* **Work task**: Output only the lines of the entries that follow, starting at the one with "fix lr assume" and running down to the one with "with \<open>lr \<in>", both included and unchanged.
---------- Available data ----------
lemma room_arith:
  fixes n :: nat and L R m :: real
  assumes "1 \<le> n" "0 \<le> L" "R \<le> 32 * L + 4 * real n"
    and "m \<ge> 67584 * real n ^ 3 * L\<^sup>2 + 25216 * real n ^ 4 * L + 2354 * real n ^ 5
               + 128 * real n ^ 2 * L + 24 * real n ^ 3 + 3 * real n ^ 2 + real n"
  shows "real n * real n + real n * R \<le> m"
proof -
  have "real n * R \<le> real n * (32 * L + 4 * real n)"
    using assms(3) by (intro mult_left_mono) auto
  then have nR: "real n * R \<le> 32 * (real n * L) + 4 * real n ^ 2"
    by (simp add: algebra_simps power2_eq_square)
  have "real n * L \<le> real n ^ 2 * L"
    using assms(1,2) by (intro mult_right_mono) (auto simp: power2_eq_square)
  moreover have "real n ^ 2 \<le> real n ^ 3"
    using assms(1) by (intro power_increasing) auto
  moreover have "0 \<le> real n ^ 3 * L\<^sup>2" "0 \<le> real n ^ 4 * L" "0 \<le> real n ^ 5"
    "0 \<le> real n ^ 3" "0 \<le> real n" "0 \<le> real n * L"
    using assms(2) by simp_all
  moreover have "67584 * (real n ^ 3 * L\<^sup>2) + 25216 * (real n ^ 4 * L) + 2354 * real n ^ 5
      + 128 * (real n ^ 2 * L) + 24 * real n ^ 3 + 3 * real n ^ 2 + real n \<le> m"
    using assms(4) by (simp only: mult.assoc)
  ultimately have "real n ^ 2 + real n * R \<le> m"
    using nR by linarith
  then show ?thesis
    by (simp add: power2_eq_square)
qed

lemma event_bound_arith:
  fixes n :: nat and L R :: real
  assumes "1 \<le> n" "0 \<le> L" "0 \<le> R" "R \<le> 32 * L + 4 * real n"
  shows "real (n - 1) * R * (2 * real n * real n + real n * R)
           \<le> 2048 * real n ^ 2 * L\<^sup>2 + 640 * real n ^ 3 * L + 50 * real n ^ 4"
proof -
  let ?K = "32 * L + 4 * real n"
  have "real (n - 1) * R * (2 * real n * real n + real n * R)
      \<le> real n * ?K * (2 * real n * real n + real n * ?K)"
    using assms by (intro mult_mono add_left_mono mult_left_mono) auto
  also have "\<dots> = 1024 * real n ^ 2 * L\<^sup>2 + 320 * real n ^ 3 * L + 24 * real n ^ 4"
    by (simp add: algebra_simps power2_eq_square power3_eq_cube power4_eq_xxxx)
  also have "\<dots> \<le> 2048 * real n ^ 2 * L\<^sup>2 + 640 * real n ^ 3 * L + 50 * real n ^ 4"
    using assms(2) by simp
  finally show ?thesis .
qed

lemma prob_some_event_le:
  fixes n m i R :: nat
  assumes "i < n" "n * n + n * R \<le> m"
  shows "measure_pmf.prob (orderings_pmf n m)
           {ps. \<exists>k j. 1 \<le> k \<and> k \<le> R \<and> j < n \<and> j \<noteq> i \<and> event_E n m ps i j k}
         \<le> real (n - 1) * R * (2 * real n * real n + real n * R) / m"
proof -
  let ?M = "orderings_pmf n m"
  let ?bad = "{ps. \<exists>k j. 1 \<le> k \<and> k \<le> R \<and> j < n \<and> j \<noteq> i \<and> event_E n m ps i j k}"
  define collision where "collision lr =
    {ps. ps i ! snd lr \<in> extreme_items (n * n + n * R) (n * n) (ps (fst lr))}" for lr :: "nat \<times> nat"
  define LR where "LR = ({0..<n} - {i}) \<times> {..<R}"
  have "?bad \<inter> set_pmf ?M \<subseteq> (\<Union>lr\<in>LR. collision lr)"
  proof
    fix ps assume ps: "ps \<in> ?bad \<inter> set_pmf ?M"
    show "ps \<in> (\<Union>lr\<in>LR. collision lr)"
    proof (rule ccontr)
      assume none: "ps \<notin> (\<Union>lr\<in>LR. collision lr)"
      have "no_collision n m i R ps"
      proof
        show "ps l \<in> permutations_of_set {0..<m}" if "l < n" for l
          using ps that by (auto simp: set_pmf_orderings_pmf orderings_def)
        show "ps i ! r \<notin> extreme_items (n * n + n * R) (n * n) (ps l)" if "l < n" "l \<noteq> i" "r < R" for l r
          using none that by (auto simp: LR_def collision_def)
      qed (use assms in auto)
      moreover obtain k j where "1 \<le> k" "k \<le> R" "j < n" "j \<noteq> i" "event_E n m ps i j k"
        using ps by blast
      ultimately show False
        using no_collision.no_event by blast
    qed
  qed
  then have "measure_pmf.prob ?M ?bad \<le> measure_pmf.prob ?M (\<Union>lr\<in>LR. collision lr)"
    by (subst measure_Int_set_pmf[symmetric]) (rule measure_pmf.finite_measure_mono, simp_all)
  also have "\<dots> \<le> (\<Sum>lr\<in>LR. measure_pmf.prob ?M (collision lr))"
    by (intro measure_pmf.finite_measure_subadditive_finite) (auto simp: LR_def)
  also have "\<dots> \<le> card LR * (real (n * n + n * R + n * n) / m)"
  proof (intro sum_bounded_above)
    fix lr assume "lr \<in> LR"
    have "R \<le> n * R"
      using assms(1) by simp
    with assms(2) have "R \<le> m"
      by linarith
    with \<open>lr \<in> LR\<close> show "measure_pmf.prob ?M (collision lr) \<le> real (n * n + n * R + n * n) / m"
      unfolding collision_def using assms(1) card_extreme_items
      by (intro prob_collision_le) (auto simp: LR_def extreme_items_def)
  qed
  also have "\<dots> = real (n - 1) * R * (2 * real n * real n + real n * R) / m"
    using assms(1) by (simp add: LR_def card_cartesian_product algebra_simps)
  finally show ?thesis .
qed

theorem lemma4p11:
  fixes n q m i :: nat
  assumes "n \<ge> 2" and "q > 0" and "m = q * n"
    and "real m \<ge> 67584 * real n ^ 3 * (ln (real m))\<^sup>2 + 25216 * real n ^ 4 * ln (real m)
                  + 2354 * real n ^ 5 + 128 * real n ^ 2 * ln (real m)
                  + 24 * real n ^ 3 + 3 * real n ^ 2 + real n"
    and "i < n"
  shows "measure_pmf.prob (orderings_pmf n m)
           {ps. \<exists>k j. 1 \<le> k \<and> k \<le> q \<and> real k < 32 * ln (real m) + 4 * real n
                     \<and> j < n \<and> j \<noteq> i \<and> event_E n m ps i j k}
         \<le> (2048 * real n ^ 2 * (ln (real m))\<^sup>2 + 640 * real n ^ 3 * ln (real m)
             + 50 * real n ^ 4) / real m"
proof -
  define R where "R = nat \<lfloor>32 * ln (real m) + 4 * real n\<rfloor>"
  have "1 \<le> m"
    using assms(1-3) by (simp add: Suc_le_eq)
  then have L: "0 \<le> ln (real m)"
    by simp
  then have R: "real R \<le> 32 * ln (real m) + 4 * real n"
    unfolding R_def by linarith
  have "real (n * n + n * R) \<le> real m"
    using room_arith[OF _ L R assms(4)] assms(1) by simp
  then have room: "n * n + n * R \<le> m"
    by linarith
  have k_le_R: "k \<le> R" if "real k < 32 * ln (real m) + 4 * real n" for k
    using le_nat_floor[of k] that unfolding R_def by (meson less_imp_le)
  have "{ps. \<exists>k j. 1 \<le> k \<and> k \<le> q \<and> real k < 32 * ln (real m) + 4 * real n
                     \<and> j < n \<and> j \<noteq> i \<and> event_E n m ps i j k}
      \<subseteq> {ps. \<exists>k j. 1 \<le> k \<and> k \<le> R \<and> j < n \<and> j \<noteq> i \<and> event_E n m ps i j k}"
    using k_le_R by blast
  then have "measure_pmf.prob (orderings_pmf n m)
           {ps. \<exists>k j. 1 \<le> k \<and> k \<le> q \<and> real k < 32 * ln (real m) + 4 * real n
                     \<and> j < n \<and> j \<noteq> i \<and> event_E n m ps i j k}
      \<le> measure_pmf.prob (orderings_pmf n m)
           {ps. \<exists>k j. 1 \<le> k \<and> k \<le> R \<and> j < n \<and> j \<noteq> i \<and> event_E n m ps i j k}"
    by (rule measure_pmf.finite_measure_mono) simp
  also have "\<dots> \<le> real (n - 1) * R * (2 * real n * real n + real n * R) / m"
    by (rule prob_some_event_le[OF assms(5) room])
  also have "\<dots> \<le> (2048 * real n ^ 2 * (ln (real m))\<^sup>2 + 640 * real n ^ 3 * ln (real m)
             + 50 * real n ^ 4) / real m"
    using event_bound_arith[OF _ L _ R] assms(1) by (intro divide_right_mono) auto
  finally show ?thesis .
qed

end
----------
* **Answer to the problem**:
    fix lr assume "lr \<in> LR"
    have "R \<le> n * R"
      using assms(1) by simp
    with assms(2) have "R \<le> m"
      by linarith
    with \<open>lr \<in> LR\<close> show "measure_pmf.prob ?M (collision lr) \<le> real (n * n + n * R + n * n) / m"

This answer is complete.